パーカス 西地区ウエダの店 三階屋根裏部屋前廊下―



 バン!――と。

 凄まじい衝突音が廊下に響いたかと思うと、扉があらぬ方向に開き――もとい吹っ飛んだ。

 蝶番を半分以上ひしゃげさせて開いたその扉は、部屋の前で見張りをしていた男もろとも吹っ飛んで壁にサンドイッチにする。

 憐れ、彼ははが起きたかわからないままに意識を失った。


「ムフン、成功♪」


 新しいこの棒中々いいディスネ――

 扉を吹き飛ばした張本人――かのーは、棒を一回転させて床に立てると、ケタケタと笑いながら廊下へ飛び出した。


「まったく! なんであんたは後先考えずに行動するの!?」


 だが恐る恐る廊下に歩み出たアリは、得意げに胸を張るバカ少年を見上げて顔に縦線を描く。

 どうするの?――そう尋ねた少女が止める間もなく、かのーは遠心力を付けた強烈な棒の一撃を扉へと放っていたのだ。

 部屋の鍵は閂状の小さな鉄棒が一つかけられたのみの、非常に簡素な施錠であった。

 所詮は子供と油断して、屋根裏部屋に閉じ込めていたのが仇になったといえよう。

 ご覧の通り鍵は扉もろとも吹っ飛んで、真ん中でへし折れた無情な姿を、ぽろりと廊下の床に晒していた。


「だってメンドクセー」

「だからって、こんな大きな音立てたら――」


 と、鼻をほじりながらそう答えたバカ少年に呆れて、アリが大きな溜息を吐いた時である。

 やにわに廊下が騒がしくなり、複数の足音がどやどやとこちらに向かって駆けてくるのが聞こえて来た。

 やっぱりね――と少女は額を押さえて首を振る。


「ほら見なさい! こうなるのがちょっとはわからない?」

「ドゥッフ、どっちにしろヤルコトは一つデショ? だったらシンプルな方がイイに決まってるダロが」

「もう! ああいえばこう言うんだから……で、どうするのよ?」


 屋根裏部屋は三階の端も端だ。既に退路は断たれている。

 もの数秒もしないうちに、きっとそこの廊下の角から物音を聞きつけたウエダの手下たちが姿を現すだろう。

 どこへ逃げよう? どうやって逃げよう? なんとかしなきゃ――

 アリは剣呑な表情を浮かべつつ退路を捜すようにして周囲を見渡した。

 

 と――

 

 その身体がふわりと宙に浮く。この感触はこれで三度目。

 思わず短い悲鳴をあげ、目をぱちくりさせた少女の身体を小脇に抱えると、かのーは得意げにムフンと息をつく。

 

「カ、カノー?」

「しっかり掴まってろよスー」


 言うが早いがかのーは勢いよく壁を蹴り上げ、廊下の真上に続いている梁に手をかけた。

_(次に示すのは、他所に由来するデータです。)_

(* For any digraph ${\tt G}$, any two sign assignments $\epsilon,\epsilon'$ on the path poset $P({\tt G})$ are isomorphic, i.e. there is $\eta\colon P({\tt G})\to\mathbb Z_2$ with $\eta(x)+\epsilon'_{x,y}\equiv\epsilon_{x,y}+\eta(y)\pmod 2$ for every covering pair $x\,\tilde\triangleleft\,y$.
   Context: A digraph ${\tt G}=(V,E)$ has finite $V$ and $E\subseteq(V\times V)\setminus\{(v,v)\}$. A multipath is a spanning subgraph (all vertices, subset of edges) each of whose connected components (of the underlying undirected graph) is an isolated vertex or a simple directed path (edges $e_1,\dots,e_k$ with target of $e_i$ equal to source of $e_{i+1}$, no repeated vertex, not a cycle). The path poset $P({\tt G})$ is the set of multipaths ordered by inclusion of edge sets. In a poset, $x\,\tilde\triangleleft\,y$ means $y$ covers $x$; a square is $x,y,y',z$ with $y\neq y'$, $x\,\tilde\triangleleft\,y\,\tilde\triangleleft\,z$, $x\,\tilde\triangleleft\,y'\,\tilde\triangleleft\,z$. A sign assignment assigns $\epsilon_{x,y}\in\mathbb Z_2$ to each covering pair such that $\epsilon_{x,y}+\epsilon_{y,z}\equiv\epsilon_{x,y'}+\epsilon_{y',z}+1\pmod 2$ for every square. *)

theory Defs
  imports Main
begin

definition digraph :: "'v set \<Rightarrow> ('v \<times> 'v) set \<Rightarrow> bool" where
  "digraph V E \<longleftrightarrow> finite V \<and> E \<subseteq> (V \<times> V) - {(v, v) | v. True}"

definition und_rel :: "('v \<times> 'v) set \<Rightarrow> ('v \<times> 'v) set" where
  "und_rel S = S \<union> S\<inverse>"

definition component :: "'v set \<Rightarrow> ('v \<times> 'v) set \<Rightarrow> 'v \<Rightarrow> 'v set" where
  "component V S v = {w \<in> V. (v, w) \<in> (und_rel S)\<^sup>*}"

definition simple_dpath :: "('v \<times> 'v) set \<Rightarrow> 'v list \<Rightarrow> bool" where
  "simple_dpath F vs \<longleftrightarrow> length vs \<ge> 2 \<and> distinct vs \<and>
     F = {(vs ! i, vs ! (i + 1)) | i. i + 1 < length vs}"

definition multipath :: "'v set \<Rightarrow> ('v \<times> 'v) set \<Rightarrow> ('v \<times> 'v) set \<Rightarrow> bool" where
  "multipath V E S \<longleftrightarrow> S \<subseteq> E \<and>
     (\<forall>v\<in>V. let C = component V S v; F = {e \<in> S. fst e \<in> C \<and> snd e \<in> C} in
        (C = {v} \<and> F = {}) \<or> (\<exists>vs. set vs = C \<and> simple_dpath F vs))"

definition path_poset :: "'v set \<Rightarrow> ('v \<times> 'v) set \<Rightarrow> ('v \<times> 'v) set set" where
  "path_poset V E = {S. multipath V E S}"

definition covers :: "'a set set \<Rightarrow> 'a set \<Rightarrow> 'a set \<Rightarrow> bool" where
  "covers P x y \<longleftrightarrow> x \<in> P \<and> y \<in> P \<and> x \<subset> y \<and> \<not> (\<exists>z\<in>P. x \<subset> z \<and> z \<subset> y)"

text \<open>Sign assignment with values in Z_2, represented as bool (addition = exclusive or,
  i.e. \<noteq>). For every square x, y, y', z (y \<noteq> y') the parities differ.\<close>
definition sign_assignment :: "'a set set \<Rightarrow> ('a set \<Rightarrow> 'a set \<Rightarrow> bool) \<Rightarrow> bool" where
  "sign_assignment P \<epsilon> \<longleftrightarrow>
     (\<forall>x y y' z. y \<noteq> y' \<and> covers P x y \<and> covers P y z \<and> covers P x y' \<and> covers P y' z \<longrightarrow>
        ((\<epsilon> x y \<noteq> \<epsilon> y z) = (\<not> (\<epsilon> x y' \<noteq> \<epsilon> y' z))))"

end

(* The difference delta = epsilon + epsilon' of two sign assignments sums to zero around every
   square, i.e. it is a cocycle. The path poset is a downward closed family of finite edge sets
   (deleting an edge from a multipath cuts one of its paths in two), so a covering pair adds a
   single edge and squares are intervals x, x + a, x + b, x + a + b. Let eta x be the sum of delta
   along a saturated chain from the empty set to x. Any two such chains are related by swapping
   adjacent steps, and every swap crosses a square, so eta is well defined; by construction
   eta x + eta y = delta x y on every covering pair. *)

theory Submission
  imports Defs
begin
theorem lemma5:
  fixes V :: "'a set" and E :: "('a \<times> 'a) set" and cord :: "'a \<Rightarrow> 'a list"
    and xs :: "'a sym list list"
  assumes "valid_graph V E cord"
    and "is_batch V E cord xs"
  shows "\<forall>j. 1 \<le> j \<and> j \<le> length xs \<longrightarrow>
           lz_phrase_ends_at (concat xs) (length (concat (take j xs)) - 1)"
proof (intro allI impI)
  interpret batch_blocks xs
    using batch_blocks_if_batch[OF assms] .
  fix j assume j: "1 \<le> j \<and> j \<le> length xs"
  then have "length (concat (take j xs)) = 10 * j"
    using length_concat_take by simp
  with j have "length (concat (take j xs)) - 1 = 10 * (j - 1) + 9"
    by (cases j) auto
  moreover have "j - 1 < length xs" using j by linarith
  ultimately show "lz_phrase_ends_at (concat xs) (length (concat (take j xs)) - 1)"
    using block_phrase_end lz_start_block by simp
qed

end
(* Let $X$ be a complex Banach space and let $A:\mathcal{D}(\mathbb{R})\to L(X)$ be a linear map which is multiplicative, i.e. $A(\phi\psi)=A(\phi)A(\psi)$ for all $\phi,\psi\in\mathcal{D}(\mathbb{R})$ (no continuity is assumed). Then for every $\chi\in\mathcal{D}(\mathbb{R})$ the function $$\mathbb{C}\setminus\mathbb{R}\ni z\longmapsto A\Big(\xi\mapsto \frac{\chi(\xi)}{z-\xi}\Big)\in L(X)$$ is strongly holomorphic on $\mathbb{C}\setminus\mathbb{R}$.
   Context: $L(X)$ denotes the algebra of bounded linear operators on $X$ with the operator norm; $\mathcal{D}(\mathbb{R})=C_c^\infty(\mathbb{R})$ (complex-valued). For $z\notin\mathbb{R}$ the function $\xi\mapsto\chi(\xi)/(z-\xi)$ belongs to $\mathcal{D}(\mathbb{R})$. "Strongly holomorphic" means holomorphic as an $L(X)$-valued function (complex differentiable with respect to the operator norm). *)

theory Defs
  imports "HOL-Analysis.Analysis"
begin
(* In the Rustichini setting, let $\epsilon>0$ and $\mathcal G\subset\mathcal F$, let $\Pi=\{\pi\in\Delta_k:\operatorname{dist}_1(\pi,\mathcal N(F))\ge\epsilon\text{ for all nonempty }F\in\mathcal G\}$, and assume $U=\bigcup_{F\in\mathcal F\setminus\mathcal G}F$ is nonempty. Define $f,g:\mathcal K\to[0,\infty]$ by $f(x)=\inf_{\pi\in\Pi}\Delta(\pi,x)$ (with $\inf\emptyset=+\infty$) and $g(x)=\operatorname{dist}_1(x,U)$. Then there is a constant $c_\epsilon>0$, depending only on the game, $\epsilon$ and $\mathcal G$, such that $f(x)\ge c_\epsilon\, g(x)$ for all $x\in\mathcal K$.
   Context: Rustichini setting: a $k$-action partial monitoring game with finite latent space $\mathcal Z$, loss $\mathcal L:[k]\times\mathcal Z\to[0,1]$, signal $\mathcal S:[k]\times\mathcal Z\to\Sigma$; $\mathcal K$ = probability simplex on $\mathcal Z$; $\Delta_k$ = probability simplex on $[k]$; $\mathcal L(\pi,x)=\sum_{a,z}\pi(a)x(z)\mathcal L(a,z)$; $\mathcal S(a,x)$ = law of $\mathcal S(a,z)$, $z\sim x$; $x\,\mathrm R\,y$ iff $\mathcal S(a,x)=\mathcal S(a,y)$ for all $a$; $\mathcal V(\pi,x)=\sup_{y\,\mathrm R\,x}\mathcal L(\pi,y)$; $\mathcal V_\star(x)=\min_{\pi\in\Delta_k}\mathcal V(\pi,x)$; $\Delta(\pi,x)=\mathcal V(\pi,x)-\mathcal V_\star(x)$. $m$ is the smallest integer with $\mathcal V_\star(x)=\min_{\alpha\in[m]}\mathcal V^m(x)_\alpha$ for some linear $\mathcal V^m:\mathcal K\to\mathbb R^m$; cells $P_\alpha=\{x\in\mathcal K:\mathcal V_\star(x)=\mathcal V^m(x)_\alpha\}$; $\mathcal F=\bigcup_{\alpha\in[m]}\operatorname{faces}(P_\alpha)$. $\mathcal N(x)=\{\pi\in\Delta_k:\Delta(\pi,x)=0\}$; for nonempty $F\in\mathcal F$, $\mathcal N(F)=\mathcal N(x)$ for any $x$ in the relative interior of $F$ (independent of the choice). $\operatorname{dist}_1(x,C)=\inf_{y\in C}\|x-y\|_1$. *)

theory Defs
  imports "HOL-Analysis.Analysis"
begin

text \<open>Rustichini setting. Actions are a finite type 'a (k = CARD('a)), the latent
space is a finite type 'z, signals take values in an arbitrary type 's.
Distributions are vectors in real^'a / real^'z.\<close>

definition prob_simplex :: "(real^'n::finite) set" where
  "prob_simplex = {x. (\<forall>i. 0 \<le> x $ i) \<and> (\<Sum>i\<in>UNIV. x $ i) = 1}"

definition l1dist :: "real^'n::finite \<Rightarrow> real^'n \<Rightarrow> real" where
  "l1dist x y = (\<Sum>i\<in>UNIV. \<bar>x $ i - y $ i\<bar>)"

definition dist1 :: "real^'n::finite \<Rightarrow> (real^'n) set \<Rightarrow> real" where
  "dist1 x C = Inf (l1dist x ` C)"

definition sig_law :: "('a \<Rightarrow> 'z::finite \<Rightarrow> 's) \<Rightarrow> 'a \<Rightarrow> real^'z \<Rightarrow> 's \<Rightarrow> real" where
  "sig_law S a x = (\<lambda>\<sigma>. \<Sum>z\<in>{z. S a z = \<sigma>}. x $ z)"

definition indist :: "('a \<Rightarrow> 'z::finite \<Rightarrow> 's) \<Rightarrow> real^'z \<Rightarrow> real^'z \<Rightarrow> bool" where
  "indist S x y \<longleftrightarrow> (\<forall>a. sig_law S a x = sig_law S a y)"

definition lossp :: "('a::finite \<Rightarrow> 'z::finite \<Rightarrow> real) \<Rightarrow> real^'a \<Rightarrow> real^'z \<Rightarrow> real" where
  "lossp L \<pi> x = (\<Sum>a\<in>UNIV. \<Sum>z\<in>UNIV. \<pi> $ a * x $ z * L a z)"

definition Vfun :: "('a::finite \<Rightarrow> 'z::finite \<Rightarrow> real) \<Rightarrow> ('a \<Rightarrow> 'z \<Rightarrow> 's)
    \<Rightarrow> real^'a \<Rightarrow> real^'z \<Rightarrow> real" where
  "Vfun L S \<pi> x = Sup {lossp L \<pi> y | y. y \<in> prob_simplex \<and> indist S y x}"

definition Vstar :: "('a::finite \<Rightarrow> 'z::finite \<Rightarrow> real) \<Rightarrow> ('a \<Rightarrow> 'z \<Rightarrow> 's)
    \<Rightarrow> real^'z \<Rightarrow> real" where
  "Vstar L S x = Inf {Vfun L S \<pi> x | \<pi>. \<pi> \<in> (prob_simplex :: (real^'a) set)}"

definition Delta :: "('a::finite \<Rightarrow> 'z::finite \<Rightarrow> real) \<Rightarrow> ('a \<Rightarrow> 'z \<Rightarrow> 's)
    \<Rightarrow> real^'a \<Rightarrow> real^'z \<Rightarrow> real" where
  "Delta L S \<pi> x = Vfun L S \<pi> x - Vstar L S x"

text \<open>V^m given by linear functionals w 0, ..., w (m-1): V^m(x)_alpha = w alpha . x\<close>
definition is_rep :: "('a::finite \<Rightarrow> 'z::finite \<Rightarrow> real) \<Rightarrow> ('a \<Rightarrow> 'z \<Rightarrow> 's)
    \<Rightarrow> nat \<Rightarrow> (nat \<Rightarrow> real^'z) \<Rightarrow> bool" where
  "is_rep L S m w \<longleftrightarrow> 1 \<le> m \<and>
     (\<forall>x\<in>prob_simplex. Vstar L S x = Min {w \<alpha> \<bullet> x | \<alpha>. \<alpha> < m})"

definition min_rep :: "('a::finite \<Rightarrow> 'z::finite \<Rightarrow> real) \<Rightarrow> ('a \<Rightarrow> 'z \<Rightarrow> 's)
    \<Rightarrow> nat \<Rightarrow> (nat \<Rightarrow> real^'z) \<Rightarrow> bool" where
  "min_rep L S m w \<longleftrightarrow> is_rep L S m w \<and>
     (\<forall>m' (w' :: nat \<Rightarrow> real^'z). is_rep L S m' w' \<longrightarrow> m \<le> m')"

 そしてそのまま鉄棒に登るようにしてクルリと身を一回転させると、梁の上に身を躍らせる。

 同時に下から聞こえてくる、あっ――という声を置き去りに、バカ少年は颯爽と梁の上を走り抜け、呆然と彼を見上げる男達の真上を通過した。

 

「ジャーネー、戦略的撤退ディース!」


 嘲笑うかの如き捨て台詞を残し、かのーは男達の背後に着地すると――

 今さっき彼等が姿を現したばかり廊下の角を曲がり脱兎の如く逃走を開始したのであった。